Ella in particolare, lunedì 11 agosto, ha dato alle stampe una lettera indirizzata a un ipotetico genero, contenente una serie di considerazioni malevoli su di lui, e questo ha irrobustito il sospetto che quel genero fosse tutt'altro che ipotetico, ma autentico, ossia Raoul Bova, già marito della figlia dell'autrice, la medesima Bernardini de Pace. Non è così. Annamaria non si riferiva al famoso attore. Come suo difensore posso dimostrarlo. Nella missiva parlava di una propria erede, madre di una ragazza, mentre è risaputo che la consorte di Bova ha avuto due maschi. La malafede dei commentatori è andata oltre i confini della realtà, trascurando dati oggettivi. E questo, che ho citato, è tale.

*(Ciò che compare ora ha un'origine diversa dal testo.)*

text \<open>
  H is presented by the generators x_n, y_a and z_{a,n} = p_n^{-1}(y_a - x_n) (for eta_a(n) = 1)
  subject only to the relations p_n z_{a,n} = y_a - x_n: in an integer combination of generators
  that vanishes in W, each coefficient of z_{a,n} is divisible by p_n (look at the y_a-coordinate,
  where every other term is p_n-integral), so the relations reduce it to a vanishing combination
  of the independent x_n, y_a, i.e. to 0. Hence phi splits as soon as the x_n and y_a have lifts
  whose differences y_a - x_n are divisible by p_n in G whenever eta_a(n) = 1.

  The lift g_a - t_a of y_a fails this only for finitely many n. For each of them the coset of
  the kernel T contains a p_n-divisible element; as T is torsion, the correcting element of T can
  be taken p_n-primary, hence divisible by every other p_m. Subtracting these finitely many
  corrections from g_a - t_a gives the required lift.
\<close>

lemma nmul_add_left: "nmul (m + n) x = nmul m x + nmul n x"
  by (induction m) (simp_all add: add.assoc)

lemma additive_nmul: "additive (nmul n)"
  by unfold_locales (induction n, simp_all add: algebra_simps)

lemma nmul_mult: "nmul (m * n) x = nmul m (nmul n x)"
  by (induction m) (simp_all add: nmul_add_left)

lemma nmul_0_right [simp]: "nmul n 0 = 0"
  by (rule additive.zero[OF additive_nmul])

lemma (in additive) nmul: "f (nmul n x) = nmul n (f x)"
  by (induction n) (simp_all add: add zero)

lemma nmul_eq_of_nat_mult: "nmul n (x :: 'a::ring_1) = of_nat n * x"
  by (induction n) (simp_all add: algebra_simps)

lemma additive_apply: "additive (\<lambda>u. u j)"
  by unfold_locales simp

lemma nmul_fun_apply: "nmul n u i = nmul n (u i)"
  by (rule additive.nmul[OF additive_apply])

definition zmul :: "int \<Rightarrow> 'a::ab_group_add \<Rightarrow> 'a" where
  "zmul k x = nmul (nat k) x - nmul (nat (- k)) x"

lemma zmul_0_left [simp]: "zmul 0 x = 0"
  by (simp add: zmul_def)

lemma zmul_1 [simp]: "zmul 1 x = x"
  by (simp add: zmul_def)

lemma zmul_of_nat_diff: "zmul (int m - int n) x = nmul m x - nmul n x"
proof -
  have "nat (int m - int n) + n = nat (int n - int m) + m" by simp
  then have "nmul (nat (int m - int n)) x + nmul n x = nmul (nat (int n - int m)) x + nmul m x"
    by (metis nmul_add_left)
  then show ?thesis unfolding zmul_def by (simp add: algebra_simps)
qed

lemma zmul_add_left: "zmul (k + l) x = zmul k x + zmul l x"
proof -
  have "k + l = int (nat k + nat l) - int (nat (- k) + nat (- l))" by simp
  then have "zmul (k + l) x = nmul (nat k + nat l) x - nmul (nat (- k) + nat (- l)) x"
    by (metis zmul_of_nat_diff)
  then show ?thesis by (simp add: zmul_def nmul_add_left)
qed

lemma additive_zmul: "additive (zmul k)"
proof
  fix x y :: 'a
  interpret pos: additive "nmul (nat k)" by (rule additive_nmul)
  interpret neg: additive "nmul (nat (- k))" by (rule additive_nmul)
  show "zmul k (x + y) = zmul k x + zmul k y"
    by (simp add: zmul_def pos.add neg.add)
qed

lemma zmul_0_right [simp]: "zmul k 0 = 0"
  by (rule additive.zero[OF additive_zmul])

lemma zmul_of_nat_mult: "zmul (int m * k) x = nmul m (zmul k x)"
  by (induction m) (simp_all add: distrib_right zmul_add_left)

lemma (in additive) zmul: "f (zmul k x) = zmul k (f x)"
  by (simp add: zmul_def diff nmul)

lemma zmul_eq_of_int_mult: "zmul k (x :: 'a::ring_1) = of_int k * x"
  by (cases "k \<ge> 0") (simp_all add: zmul_def nmul_eq_of_nat_mult)

section \<open>Divisibility in torsion groups\<close>

lemma divisible_by_nmul: "divisible_by q (nmul q h)"
  unfolding divisible_by_def by blast

lemma divisible_by_0: "divisible_by q 0"
  by (metis divisible_by_nmul nmul_0_right)

lemma divisible_by_add: "divisible_by q x \<Longrightarrow> divisible_by q y \<Longrightarrow> divisible_by q (x + y)"
  unfolding divisible_by_def by (metis additive.add additive_nmul)

lemma divisible_by_uminus: "divisible_by q x \<Longrightarrow> divisible_by q (- x)"
  unfolding divisible_by_def by (metis additive.minus additive_nmul)

lemma divisible_by_diff: "divisible_by q x \<Longrightarrow> divisible_by q y \<Longrightarrow> divisible_by q (x - y)"
  by (metis diff_conv_add_uminus divisible_by_add divisible_by_uminus)

lemma divisible_by_sum: "(\<And>i. i \<in> S \<Longrightarrow> divisible_by q (f i)) \<Longrightarrow> divisible_by q (sum f S)"
  by (induction S rule: infinite_finite_induct) (auto intro: divisible_by_0 divisible_by_add)

lemma divisible_by_if_annihilated_coprime:
  assumes "nmul M x = 0" and "coprime M q" and "q \<noteq> 0"
  shows "divisible_by q x"
proof -
  obtain u v where "q * u = M * v + gcd q M"
    using bezout_nat[OF \<open>q \<noteq> 0\<close>] by blast
  then have "q * u = v * M + 1"
    using \<open>coprime M q\<close> by (simp add: coprime_commute)
  then have "nmul (q * u) x = x"
    using \<open>nmul M x = 0\<close> by (simp add: nmul_add_left nmul_mult)
  then show ?thesis
    by (metis divisible_by_nmul nmul_mult)
qed

lemma torsion_primary_part:
  assumes "nmul N d = 0" and "N > 0" and "prime P"
  obtains m where "divisible_by P (d - nmul m d)"
    and "\<And>q. prime q \<Longrightarrow> q \<noteq> P \<Longrightarrow> divisible_by q (nmul m d)"
proof -
  \<comment> \<open>With N = P^j k and P not dividing k, choose k u = 1 mod P; then k u d is the P-primary part of d.\<close>
  define j where "j = multiplicity P N"
  obtain k where N: "N = P ^ j * k" and "\<not> P dvd k"
  proof (rule multiplicity_decompose'[of N P])
    show "N \<noteq> 0" "\<not> is_unit P"
      using assms by auto
  qed (simp add: j_def)
  then have "k \<noteq> 0" by (metis dvd_0_right)
  obtain u v where "k * u = P * v + gcd k P"
    using bezout_nat[OF \<open>k \<noteq> 0\<close>] by blast
  moreover have "coprime k P"
    using \<open>\<not> P dvd k\<close> \<open>prime P\<close> by (simp add: prime_imp_coprime coprime_commute)
  ultimately have ku: "k * u = P * v + 1" by simp
  have "d - nmul (k * u) d = nmul P (- nmul v d)"
    unfolding ku by (simp add: nmul_add_left nmul_mult additive.minus[OF additive_nmul])
  then have "divisible_by P (d - nmul (k * u) d)"
    by (metis divisible_by_nmul)
  moreover have "divisible_by q (nmul (k * u) d)" if "prime q" "q \<noteq> P" for q
  proof (rule divisible_by_if_annihilated_coprime)
    have "P ^ j * (k * u) = u * N"
      using N by simp
    then have "nmul (P ^ j) (nmul (k * u) d) = nmul u (nmul N d)"
      by (metis nmul_mult)
    then show "nmul (P ^ j) (nmul (k * u) d) = 0"
      using \<open>nmul N d = 0\<close> by (simp add:)
    show "coprime (P ^ j) q"
      using that \<open>prime P\<close> by (simp add: primes_coprime)
    show "q \<noteq> 0"
      using \<open>prime q\<close> by auto
  qed
  ultimately show ?thesis using that by blast
qed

Lo scambio di persona è stato alimentato dalla bassezza di chi a ogni costo ha voluto attribuire ad Annamaria un'intenzione che non ha mai avuto né poteva avere, come risulta dalle carte «processuali». Qui giova una precisazione, a scanso di altri equivoci. Bernardini de Pace dispone di una casistica infinita riguardante matrimoni e unioni andate a pallino. Ovvio. Il mestiere della signora è questo: tutelare i cornuti e le cornute che - questo lo dico io - numericamente si equivalgono, poiché dove c'è un traditore c'è una traditrice e sfido chiunque a sostenere il contrario. Cosicché l'avvocatessa, nostra apprezzata collaboratrice, si è offerta di stendere 14 capitoli - sotto forma di altrettante epistole - in cui la problematica relativa ai divorzi e alle separazioni venisse affrontata in tutte le sfaccettature.

L'argomento non poteva non essere definito appassionante in questa epoca di smarrimenti, inclusi quelli coniugali, e la direzione del Giornale ha accolto con favore la proposta, consapevole che i lettori ne avrebbero gradito la realizzazione. L'illustre legale, attingendo al proprio fenomenale archivio, ha imbastito oltre una dozzina di storie emblematiche, alcune delle quali hanno già visto la luce; altre usciranno nei prossimi giorni. Tra quelle pubblicate ce n'era una che per affinità di temi si prestava a occhi superficiali a essere interpretata come la vicenda di Raoul Bova con la moglie, cioè la figlia dell'avvocata.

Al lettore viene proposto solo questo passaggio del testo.